At length he rose, as the shop began to fill with customers, and set off northward over the hill of the Panthéon and toward the Seine. He briefly debated visiting the Café Manoury, in the hope that he might encounter one of a handful of old acquaintances, but at last decided against it in favor of the bright lights, clamor, and restless, anonymous crowds of the Palais-Égalité.

Twenty minutes’ walk brought him to Rue Honoré, busy with fashionable diners and theatergoers, and the Palais-Égalité, once the mansion of the dead king’s cousin before the Revolution, its enclosed gardens and arcades now the liveliest public ground in Paris. A few whores waiting beneath the trees, bolder than the rest, called out to him as he ambled through the garden, emptier now that many of the cafés had taken in their tables for the winter. He bought a cone of sugared almonds from a girl carrying a tray of sweetmeats and strolled on. Pimps, flower sellers, and sideshow barkers strove for his attention.

The enclosed gardens, once known as the Palais-Royal in the dead-and-gone days of Royalty, had grown more riotous than ever since the Terror had ended two years previously. The shopkeepers had already hung their shutters for the night, but the cafés, restaurants, dance halls, theaters, gambling parlors, brothels, and sideshows remained open to serve the vast, pleasure-hungry clientele that had grown rich and come to prominence during the Revolution. Now that most of the old aristocracy had fled or were remaining discreetly unassertive, the speculators and war profiteers had scrambled to take their place and buy their abandoned town houses, flaunting fortunes suddenly made from army contracts, the purchase and resale of confiscated estates and church lands, and other methods that were best not inquired into.
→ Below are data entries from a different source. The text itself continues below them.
(* Let $H=\{\lambda\in B_{1/\sqrt2}(0):\ \mathrm{Re}(\lambda)>0,\ \mathrm{Im}(\lambda)>0\}\setminus B_{2/3}(1/3)$. Every $\lambda_0\in\mathcal M_0\cap\mathrm{int}(H)$ is an interior point of $\mathcal M$.
   Context: $\mathbb D=\{z\in\mathbb C:|z|<1\}$; $B_r(z_0)$ is the open disc of radius $r$ centered at $z_0$. $\mathcal M=\{\lambda\in\mathbb D:\ \exists (a_k)_{k\ge1},\ a_k\in\{-1,0,1\},\ 1+\sum_{k\ge1}a_k\lambda^k=0\}$ (the set of $\lambda$ for which the attractor of $\{\lambda z-1,\lambda z+1\}$ is connected). $\mathcal M_0=\{\lambda\in\mathbb D:\ \exists n\ge1,\ a_1,\dots,a_n\in\{-1,0,1\},\ 1+\sum_{k=1}^n a_k\lambda^k=0\}$ is the set of zeros in $\mathbb D$ of polynomials of this form. *)

theory Defs
  imports "HOL-Analysis.Analysis"
begin

definition M_set :: "complex set" where
  "M_set = {z. cmod z < 1 \<and>
     (\<exists>a :: nat \<Rightarrow> int. (\<forall>k\<ge>1. a k \<in> {-1, 0, 1}) \<and>
        1 + (\<Sum>k. of_int (a (Suc k)) * z ^ Suc k) = 0)}"

definition M0_set :: "complex set" where
  "M0_set = {z. cmod z < 1 \<and>
     (\<exists>n\<ge>1. \<exists>a :: nat \<Rightarrow> int. (\<forall>k\<in>{1..n}. a k \<in> {-1, 0, 1}) \<and>
        1 + (\<Sum>k=1..n. of_int (a k) * z ^ k) = 0)}"

definition H_set :: "complex set" where
  "H_set = {z. z \<in> ball 0 (1 / sqrt 2) \<and> Re z > 0 \<and> Im z > 0}
            - ball (1/3) (2/3)"

end

theory Submission
  imports Defs
begin

(* For |lambda| < 1 outside the disc B_{2/3}(1/3), the parallelogram
   P = {x + y lambda : |x| <= (1 + 2|Re lambda|)/(2|lambda|^2), |y| <= 1/(2|lambda|^2)}
   is covered by the three copies d + lambda P, d in {-1,0,1}, so every point of P is a sum
   of a power series in lambda with digits in {-1,0,1}.  If p is a {-1,0,1}-polynomial of
   degree n with p(lambda0) = 0, then for lambda near lambda0 the point -p(lambda)/lambda^(n+1)
   is small, hence lies in P (in H, |lambda|^2 < 1/2 makes P contain the unit square in the
   coordinates (1, lambda)); appending its digits to the coefficients of p yields a power series
   vanishing at lambda. *)

definition has_expansion :: "int set \<Rightarrow> complex \<Rightarrow> complex \<Rightarrow> bool" where
  "has_expansion D l w \<longleftrightarrow>
     (\<exists>c :: nat \<Rightarrow> int. (\<forall>k. c k \<in> D) \<and> (\<lambda>k. of_int (c k) * l ^ k) sums w)"

lemma has_expansion_if_self_similar:
  fixes l :: complex
  assumes l: "cmod l < 1" and "bounded P"
    and step: "\<And>w. w \<in> P \<Longrightarrow> \<exists>d\<in>D. \<exists>w'\<in>P. w = of_int d + l * w'"
    and "w \<in> P"
  shows "has_expansion D l w"
proof -
  obtain dig nxt where dig_in: "\<And>w. w \<in> P \<Longrightarrow> dig w \<in> D"
    and nxt_in: "\<And>w. w \<in> P \<Longrightarrow> nxt w \<in> P"
    and dig_nxt: "\<And>w. w \<in> P \<Longrightarrow> w = of_int (dig w) + l * nxt w"
    using step by metis
  define W where "W k = (nxt ^^ k) w" for k
  have W_Suc: "W (Suc k) = nxt (W k)" for k
    by (simp add: W_def)
  have W_in: "W k \<in> P" for k
    by (induction k) (simp_all add: W_Suc W_def \<open>w \<in> P\<close> nxt_in)
  have W_step: "W k = of_int (dig (W k)) + l * W (Suc k)" for k
    unfolding W_Suc using dig_nxt[OF W_in] .
  have partial: "(\<Sum>i<N. of_int (dig (W i)) * l ^ i) = w - l ^ N * W N" for N
  proof (induction N)
    case (Suc N)
    have "(\<Sum>i<Suc N. of_int (dig (W i)) * l ^ i) = w - l ^ N * W N + of_int (dig (W N)) * l ^ N"
      by (simp add: Suc.IH)
    also have "\<dots> = w - l ^ N * (of_int (dig (W N)) + l * W (Suc N)) + of_int (dig (W N)) * l ^ N"
      using W_step[of N] by (rule arg_cong)
    also have "\<dots> = w - l ^ Suc N * W (Suc N)"
      by (simp add: algebra_simps)
    finally show ?case .
  qed (simp add: W_def)
  obtain K where K: "\<And>z. z \<in> P \<Longrightarrow> cmod z \<le> K"
    using \<open>bounded P\<close> by (auto simp: bounded_iff)
  have tail_null: "(\<lambda>N. l ^ N * W N) \<longlonglongrightarrow> 0"
  proof (rule Lim_null_comparison)
    show "\<forall>\<^sub>F N in sequentially. cmod (l ^ N * W N) \<le> cmod l ^ N * K"
      using K[OF W_in] by (simp add: norm_mult norm_power mult_left_mono)
    show "(\<lambda>N. cmod l ^ N * K) \<longlonglongrightarrow> 0"
      using l by (intro tendsto_mult_left_zero LIMSEQ_power_zero) simp
  qed
  have "(\<lambda>N. w - l ^ N * W N) \<longlonglongrightarrow> w - 0"
    by (intro tendsto_diff tendsto_const tail_null)
  then have "(\<lambda>k. of_int (dig (W k)) * l ^ k) sums w"
    unfolding sums_def partial by simp
  moreover have "\<forall>k. dig (W k) \<in> D"
    using dig_in W_in by blast
  ultimately show ?thesis
    unfolding has_expansion_def by (intro exI[of _ "\<lambda>k. dig (W k)"]) simp
qed

lemma exists_digit_near:
  fixes x :: real
  assumes "\<bar>x\<bar> \<le> 3/2"
  shows "\<exists>d\<in>{-1, 0, 1 :: int}. \<bar>x - of_int d\<bar> \<le> 1/2"
proof (cases "x > 1/2")
  case True
  with assms show ?thesis by (intro bexI[of _ 1]) (auto simp: abs_if)
next
  case False
  with assms show ?thesis
    by (cases "x < -1/2") (auto simp: abs_if intro: bexI[of _ "-1"] bexI[of _ 0])
qed

lemma has_expansion_parallelogram:
  fixes l :: complex and x y :: real
  assumes l: "cmod l < 1" and c: "1 + 2 * \<bar>Re l\<bar> \<le> 3 * cmod l ^ 2"
    and x: "\<bar>x\<bar> \<le> (1 + 2 * \<bar>Re l\<bar>) / (2 * cmod l ^ 2)"
    and y: "\<bar>y\<bar> \<le> 1 / (2 * cmod l ^ 2)"
  shows "has_expansion {-1, 0, 1} l (of_real x + of_real y * l)"
proof -
  define r2 where "r2 = cmod l ^ 2"
  define A where "A = (1 + 2 * \<bar>Re l\<bar>) / (2 * r2)"
  define B where "B = 1 / (2 * r2)"
  define P where "P = {of_real x + of_real y * l | x y. \<bar>x\<bar> \<le> A \<and> \<bar>y\<bar> \<le> B}"
  have P_mem: "of_real x + of_real y * l \<in> P" if "\<bar>x\<bar> \<le> A" "\<bar>y\<bar> \<le> B" for x y
    unfolding P_def using that by blast
  have r2: "r2 > 0"
    using c abs_ge_zero[of "Re l"] unfolding r2_def by linarith
  have "A \<le> 3 / 2"
    using c r2 by (simp add: A_def r2_def divide_simps)
  have "2 * of_real (Re l) - l = cnj l"
    by (simp add: complex_eq_iff)
  then have conj_l: "l * (2 * of_real (Re l) - l) = of_real r2"
    by (simp add: r2_def complex_norm_square[symmetric])
  have "bounded P"
  proof -
    have "cmod w \<le> A + B" if "w \<in> P" for w
    proof -
      obtain x y where w: "w = of_real x + of_real y * l" and "\<bar>x\<bar> \<le> A" "\<bar>y\<bar> \<le> B"
        using \<open>w \<in> P\<close> by (auto simp: P_def)
      have "cmod w \<le> \<bar>x\<bar> + \<bar>y\<bar> * cmod l"
        unfolding w by (metis norm_mult norm_of_real norm_triangle_le order_refl)
      also have "\<dots> \<le> A + B * 1"
        using \<open>\<bar>x\<bar> \<le> A\<close> \<open>\<bar>y\<bar> \<le> B\<close> l by (intro add_mono mult_mono) auto
      finally show ?thesis by simp
    qed
    then show ?thesis
      unfolding bounded_iff by blast
  qed
  moreover have "\<exists>d\<in>{-1, 0, 1}. \<exists>w'\<in>P. w = of_int d + l * w'" if "w \<in> P" for w
  proof -
    obtain x y where w: "w = of_real x + of_real y * l" and "\<bar>x\<bar> \<le> A" "\<bar>y\<bar> \<le> B"
      using \<open>w \<in> P\<close> by (auto simp: P_def)
    have "\<bar>x\<bar> \<le> 3/2"
      using \<open>\<bar>x\<bar> \<le> A\<close> \<open>A \<le> 3/2\<close> by linarith
    then obtain d where d: "d \<in> {-1, 0, 1}" and d_near: "\<bar>x - of_int d\<bar> \<le> 1/2"
      using exists_digit_near by blast
    define e where "e = x - of_int d"
    \<comment> \<open>\<open>(w - d) / l = y + e / l\<close>, and \<open>1 / l = (2 Re l - l) / r2\<close>\<close>
    define w' where "w' = of_real (y + 2 * Re l * e / r2) + of_real (- e / r2) * l"
    have "l * w' = of_real y * l + of_real e * (l * (2 * of_real (Re l) - l)) / of_real r2"
      using r2 by (simp add: w'_def field_simps)
    also have "\<dots> = of_real y * l + of_real e"
      using r2 by (simp only: conj_l) simp
    finally have "w = of_int d + l * w'"
      by (simp add: w e_def)
    moreover have "w' \<in> P"
    proof -
      have "\<bar>2 * Re l * e / r2\<bar> = (2 * \<bar>e\<bar>) * \<bar>Re l\<bar> / r2"
        using r2 by (simp add: abs_mult)
      also have "\<dots> \<le> 1 * \<bar>Re l\<bar> / r2"
        using d_near r2 by (intro divide_right_mono mult_right_mono) (auto simp: e_def)
      finally have "\<bar>2 * Re l * e / r2\<bar> \<le> \<bar>Re l\<bar> / r2"
        by simp
      then have "\<bar>y + 2 * Re l * e / r2\<bar> \<le> B + \<bar>Re l\<bar> / r2"
        using \<open>\<bar>y\<bar> \<le> B\<close> abs_triangle_ineq[of y "2 * Re l * e / r2"] by linarith
      also have "B + \<bar>Re l\<bar> / r2 = A"
        using r2 by (simp add: A_def B_def field_simps)
      finally have "\<bar>y + 2 * Re l * e / r2\<bar> \<le> A" .
      moreover have "\<bar>- e / r2\<bar> \<le> B"
        using d_near r2 by (simp add: e_def B_def divide_simps abs_minus_commute)
      ultimately show ?thesis
        unfolding w'_def by (rule P_mem)
    qed
    ultimately show ?thesis using d by blast
  qed
  moreover have "of_real x + of_real y * l \<in> P"
    using x y by (intro P_mem) (simp_all add: A_def B_def r2_def)
  ultimately show ?thesis
    by (rule has_expansion_if_self_similar[OF l])
qed

lemma has_expansion_if_small:
  fixes l w :: complex
  assumes r: "cmod l ^ 2 \<le> 1/2" and c: "1 + 2 * \<bar>Re l\<bar> \<le> 3 * cmod l ^ 2"
    and v: "Im l \<noteq> 0" and w: "cmod w * (1 + \<bar>Im l\<bar>) \<le> \<bar>Im l\<bar>"
  shows "has_expansion {-1, 0, 1} l w"
proof -
  define y where "y = Im w / Im l"
  define x where "x = Re w - y * Re l"
  have wxy: "w = of_real x + of_real y * l"
    using v by (intro complex_eqI) (simp_all add: x_def y_def)
  have "cmod l < 1"
    using r power_less1_D[of "cmod l" 2] by simp
  have small: "cmod w + cmod w / \<bar>Im l\<bar> \<le> 1"
    using w v by (simp add: field_simps)
  have y: "\<bar>y\<bar> \<le> cmod w / \<bar>Im l\<bar>"
    unfolding y_def abs_divide using v by (intro divide_right_mono abs_Im_le_cmod) simp
  have "\<bar>x\<bar> \<le> \<bar>Re w\<bar> + \<bar>y\<bar> * \<bar>Re l\<bar>"
    unfolding x_def by (metis abs_mult abs_triangle_ineq4)
  also have "\<dots> \<le> cmod w + cmod w / \<bar>Im l\<bar> * 1"
    using abs_Re_le_cmod[of w] abs_Re_le_cmod[of l] \<open>cmod l < 1\<close> y
    by (intro add_mono mult_mono) auto
  finally have x1: "\<bar>x\<bar> \<le> 1"
    using small by linarith
  have y1: "\<bar>y\<bar> \<le> 1"
    using y small norm_ge_zero[of w] by linarith
  have "cmod l ^ 2 > 0"
    using c abs_ge_zero[of "Re l"] by linarith
  then have B1: "1 \<le> 1 / (2 * cmod l ^ 2)"
    using r by (simp add: field_simps)
  have BA: "1 / (2 * cmod l ^ 2) \<le> (1 + 2 * \<bar>Re l\<bar>) / (2 * cmod l ^ 2)"
    by (intro divide_right_mono) auto
  show ?thesis
    unfolding wxy
    by (rule has_expansion_parallelogram[OF \<open>cmod l < 1\<close> c]) (use x1 y1 B1 BA in linarith)+
qed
Aristide paused to glance, amused, at the garish bills outside the tiny, disreputable theater where the Wild Man of the Indies pranced about, roared unintelligibly, and abandoned himself to “the mysteries of Nature” with a squealing girl twelve times daily (nineteen shows on
décadi
). The Wild Man of the Indies, Brasseur had told him once, was actually a blacksmith from Marseilles, but whom did it hurt to claim otherwise?

Fashionable couples pushed past him along the arcade, wearing garments that would have seemed as bizarre as the Wild Man to the Parisians of a decade ago. He glanced wryly down at his own plain black redingote and waistcoat as a slender boy clad in an outlandish striped coat and tall hat sauntered past, through the jostling crowds. At thirty-eight he had no desire to ape the outrageous fashions of the spoiled and prodigal eighteen-year-olds who could scarcely remember the old regime. Under the insouciant corruption of the Directory, the governing body that had replaced the National Convention after the Terror’s end, the Palais-Égalité swarmed with such fantastic creatures, the voguish youths widely nicknamed
incroyables,
“unbelievables,” and their scantily draped, loose-living female companions. To them, Aristide thought, 1789 was a lifetime ago, a distant era of history growing faint on the far side of an unthinkably deep chasm. When those young men had been schoolboys, a mere seven years ago, who could have thought that before they were grown a revolution would sweep through France, overturning monarchy, church, and age-old custom, executing a king and queen, exiling nobility, and elevating bourgeois merchants and lawyers to sudden, intoxicating wealth, prestige, and power?